ConnectX6 adapater on Mellanox SB7790 (unmanaged EDR switch)

Greetings,
we have new nodes with Mellanox Technologies MT2892 Family [ConnectX-6 Dx] adapters and trying to connect them to an Mellanox SB7790 EDR switch.
We are running Rocky Linux 8.8 with MLNX_OFED_LINUX-5.8-3.0.7.0-rhel8.8-x86 installed.
Devices remaining in state polling.
Any hints?

# ibv_devinfo 
hca_id: mlx5_0
        transport:                      InfiniBand (0)
        fw_ver:                         22.35.3006
        node_guid:                      e8eb:d303:0010:3e9a
        sys_image_guid:                 e8eb:d303:0010:3e9a
        vendor_id:                      0x02c9
        vendor_part_id:                 4125
        hw_ver:                         0x0
        board_id:                       MT_0000000903
        phys_port_cnt:                  1
                port:   1
                        state:                  PORT_DOWN (1)
                        max_mtu:                4096 (5)
                        active_mtu:             4096 (5)
                        sm_lid:                 0
                        port_lid:               65535
                        port_lmc:               0x00
                        link_layer:             InfiniBand
# mlxcables
Querying Cables ....

Cable #1:
---------
Cable name    : 41:00.0_cable_0
>> No FW data to show
-------- Cable EEPROM --------
Identifier                     : QSFP+ (0dh)
Technology                     : Copper cable unequalized (a0h)
Compliance                     : 40GBASE-CR4, 100GBASE-CR4, 25GBASE-CR CA-25G-L or 50GBASE-CR2 with RS (Clause91) FEC, EDR,FDR,QDR,DDR,SDR
Attenuation: 2.5GHz            : 4dB
             5.0GHz            : 6dB
             7.0GHz            : 8dB
             12.9GHz           : 12dB
             25.78GHz          : 0dB
OUI                            : 0x0002c9
Vendor                         : Mellanox        
Serial number                  : MT1952VS08208   
Part number                    : MCP1600-E003E26 
Revision                       : A2
Temperature [c]                : N/A
Digital Diagnostic Monitoring  : NO
Length [m]                     : 3 m

Best regards
Joe

Hi Joe,

When the device is in a polling state, this is an indication that there is no connection from this card to another card or switch.

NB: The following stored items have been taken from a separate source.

(* Let $a>2$ and $f_a(z)=z\big(z^2+(a-2)z+1-2a\big)$. Let $z_0$ be chosen uniformly at random from $[-a,2]$ and $z_{t+1}=f_a(z_t)$. Then $\lim_{t\to\infty}|z_t|=+\infty$ almost surely. *)

theory Defs
  imports "HOL-Probability.Probability"
begin

definition f :: "real \<Rightarrow> real \<Rightarrow> real" where
  "f a z = z * (z^2 + (a - 2) * z + 1 - 2 * a)"

end

theory Submission
  imports Defs
begin

text \<open>
  Put s = sqrt (a + 2). The substitution z = u^2 - a turns f a into the odd cubic
  G s u = u (u^2 - s^2 + 1), because f a (u^2 - a) = (G s u)^2 - a. Once a G-orbit leaves
  [-s, s] it grows geometrically, and so does the corresponding f-orbit. It remains to see
  that the u whose G-orbit stays in [-s, s] form a null set. In the angular coordinate
  theta s u = arccos (u / s), each of the three monotone branches of G on [-s, -1], [-1, 1]
  and [1, s] stretches distances by a factor of at least expansion_rate s > 3 (for s = 2, G is
  the Chebyshev map 2 cos t -> 2 cos 3t and the factor is exactly 3). Hence the points that
  stay for n steps are covered by 3^n sets of angular diameter pi / expansion_rate s ^ n,
  whose total length is at most s pi (3 / expansion_rate s)^n -> 0.
\<close>

lemma negligible_if_small_covers:
  fixes S :: "real set" and N :: "nat \<Rightarrow> nat" and \<delta> :: "nat \<Rightarrow> real"
  assumes covers: "\<And>n. \<exists>F. finite F \<and> card F \<le> N n \<and> S \<subseteq> \<Union>F \<and>
                          (\<forall>C\<in>F. \<forall>x\<in>C. \<forall>y\<in>C. \<bar>x - y\<bar> \<le> \<delta> n)"
    and nonneg: "\<And>n. 0 \<le> \<delta> n"
    and small: "(\<lambda>n. N n * \<delta> n) \<longlonglongrightarrow> 0"
  shows "negligible S"
  unfolding negligible_outer_le
proof (intro allI impI)
  fix e :: real
  assume "e > 0"
  then have "\<forall>\<^sub>F n in sequentially. N n * \<delta> n < e / 2"
    using small by (intro order_tendstoD(2)) auto
  then obtain n where n: "N n * \<delta> n < e / 2"
    by (auto simp: eventually_sequentially)
  obtain F where F: "finite F" "card F \<le> N n" "S \<subseteq> \<Union>F"
    and diam: "\<And>C x y. C \<in> F \<Longrightarrow> x \<in> C \<Longrightarrow> y \<in> C \<Longrightarrow> \<bar>x - y\<bar> \<le> \<delta> n"
    using covers[of n] by blast
  define c where "c C = (SOME x. x \<in> C)" for C :: "real set"
  define T where "T = (\<Union>C\<in>F. {c C - \<delta> n .. c C + \<delta> n})"
  have "S \<subseteq> T"
  proof
    fix x assume "x \<in> S"
    then obtain C where C: "C \<in> F" "x \<in> C" using F(3) by blast
    then have "c C \<in> C" unfolding c_def by (metis some_in_eq empty_iff)
    then have "\<bar>x - c C\<bar> \<le> \<delta> n" using diam C by blast
    then have "x \<in> {c C - \<delta> n .. c C + \<delta> n}" by (simp add: abs_le_iff)
    then show "x \<in> T" using C(1) unfolding T_def by blast
  qed
  moreover have "T \<in> lmeasurable"
    unfolding T_def using F(1) by (intro fmeasurable.finite_UN lmeasurable_interval)
  moreover have "measure lebesgue T \<le> e"
  proof -
    have "measure lebesgue T \<le> (\<Sum>C\<in>F. measure lebesgue {c C - \<delta> n .. c C + \<delta> n})"
      unfolding T_def using F(1) by (intro measure_UNION_le) auto
    also have "\<dots> = card F * (2 * \<delta> n)"
      using nonneg[of n] by simp
    also have "\<dots> \<le> N n * (2 * \<delta> n)"
      using F(2) nonneg[of n] by (intro mult_right_mono) auto
    finally show ?thesis using n by simp
  qed
  ultimately show "\<exists>T. S \<subseteq> T \<and> T \<in> lmeasurable \<and> measure lebesgue T \<le> e" by blast
qed

definition theta :: "real \<Rightarrow> real \<Rightarrow> real" where
  "theta s x = arccos (x / s)"

lemma theta_diff_le_pi:
  assumes "0 < s" "\<bar>x\<bar> \<le> s" "\<bar>y\<bar> \<le> s"
  shows "\<bar>theta s x - theta s y\<bar> \<le> pi"
proof -
  have "-1 \<le> x / s" "x / s \<le> 1" "-1 \<le> y / s" "y / s \<le> 1"
    using assms by (auto simp: abs_le_iff field_simps)
  then show ?thesis unfolding theta_def
    using arccos_bounded[of "x / s"] arccos_bounded[of "y / s"] by linarith
qed

lemma theta_antimono:
  assumes "0 < s" "x \<le> y" "\<bar>x\<bar> \<le> s" "\<bar>y\<bar> \<le> s"
  shows "theta s y \<le> theta s x"
  unfolding theta_def using assms by (intro arccos_le_arccos) (auto simp: abs_le_iff field_simps)

lemma theta_minus:
  assumes "0 < s" "\<bar>x\<bar> \<le> s"
  shows "theta s (- x) = pi - theta s x"
  unfolding theta_def using arccos_minus[of "x / s"] assms by (auto simp: abs_le_iff field_simps)

lemma abs_diff_le_theta_diff:
  assumes "0 < s" "\<bar>x\<bar> \<le> s" "\<bar>y\<bar> \<le> s"
  shows "\<bar>x - y\<bar> \<le> s * \<bar>theta s x - theta s y\<bar>"
proof -
  have cos_lipschitz: "\<bar>cos a - cos b\<bar> \<le> \<bar>a - b\<bar>" for a b :: real
  proof -
    have "\<bar>cos a - cos b\<bar> = 2 * \<bar>sin ((a + b) / 2)\<bar> * \<bar>sin ((b - a) / 2)\<bar>"
      unfolding cos_diff_cos by (simp add: abs_mult)
    also have "\<dots> \<le> 2 * 1 * \<bar>(b - a) / 2\<bar>"
      by (intro mult_mono abs_sin_x_le_abs_x) auto
    finally show ?thesis by simp
  qed
  have "s * cos (theta s x) = x" "s * cos (theta s y) = y"
    unfolding theta_def using assms by (simp_all add: abs_le_iff field_simps)
  then have "x - y = s * (cos (theta s x) - cos (theta s y))"
    by (simp add: right_diff_distrib)
  then have "\<bar>x - y\<bar> = s * \<bar>cos (theta s x) - cos (theta s y)\<bar>"
    using assms(1) by (simp add: abs_mult)
  also have "\<dots> \<le> s * \<bar>theta s x - theta s y\<bar>"
    using assms(1) cos_lipschitz by (intro mult_left_mono) auto
  finally show ?thesis .
qed

lemma theta_has_real_derivative:
  assumes "\<bar>v\<bar> < s"
  shows "(theta s has_real_derivative - 1 / sqrt (s^2 - v^2)) (at v)"
proof -
  have s: "0 < s" using assms by linarith
  have "-1 < v / s" "v / s < 1" using assms by (auto simp: abs_less_iff field_simps)
  from DERIV_chain2[OF DERIV_arccos[OF this] DERIV_cdivide[OF DERIV_ident, of s]]
  have "(theta s has_real_derivative inverse (- sqrt (1 - (v / s)^2)) * (1 / s)) (at v)"
    unfolding theta_def by simp
  moreover have "sqrt (1 - (v / s)^2) * s = sqrt (s^2 - v^2)"
  proof -
    have "1 - (v / s)^2 = (s^2 - v^2) / s^2" using s by (simp add: field_simps)
    then show ?thesis using s by (simp add: real_sqrt_divide)
  qed
  ultimately show ?thesis by (simp add: field_simps)
qed

lemma continuous_on_theta_comp:
  assumes "0 < s" "continuous_on A h" "\<And>u. u \<in> A \<Longrightarrow> \<bar>h u\<bar> \<le> s"
  shows "continuous_on A (\<lambda>u. theta s (h u))"
proof -
  have "-1 \<le> h u / s \<and> h u / s \<le> 1" if "u \<in> A" for u
    using assms(1) assms(3)[OF that] by (auto simp: abs_le_iff field_simps)
  then show ?thesis unfolding theta_def using assms(1,2) by (intro continuous_intros) auto
qed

Some general troubleshooting steps you can attempt would include

  1. Verify that the firmware is up to date and compatible with your switch FW by reviewing the release notes for each IB component

  2. Forcing the speed on the link and set Auto Negotiation to OFF:

mlxlink -d --link_mode_force --speeds

For example,

mlxlink -d /dev/mst/mt4123_pciconf0 --link_mode_force --speeds 200G

Once the speed is set, you must toggle the link so the above changes will take place:

mlxlink -d -a TG

If you are still encountering issues after the above steps, if you have a valid support contract please open a support ticket with us so it can be investigated in further detail.


Hello jasowu,

thank you, I’ve already tried but the speed wasn’t set, also I got the message “Setting new speed”.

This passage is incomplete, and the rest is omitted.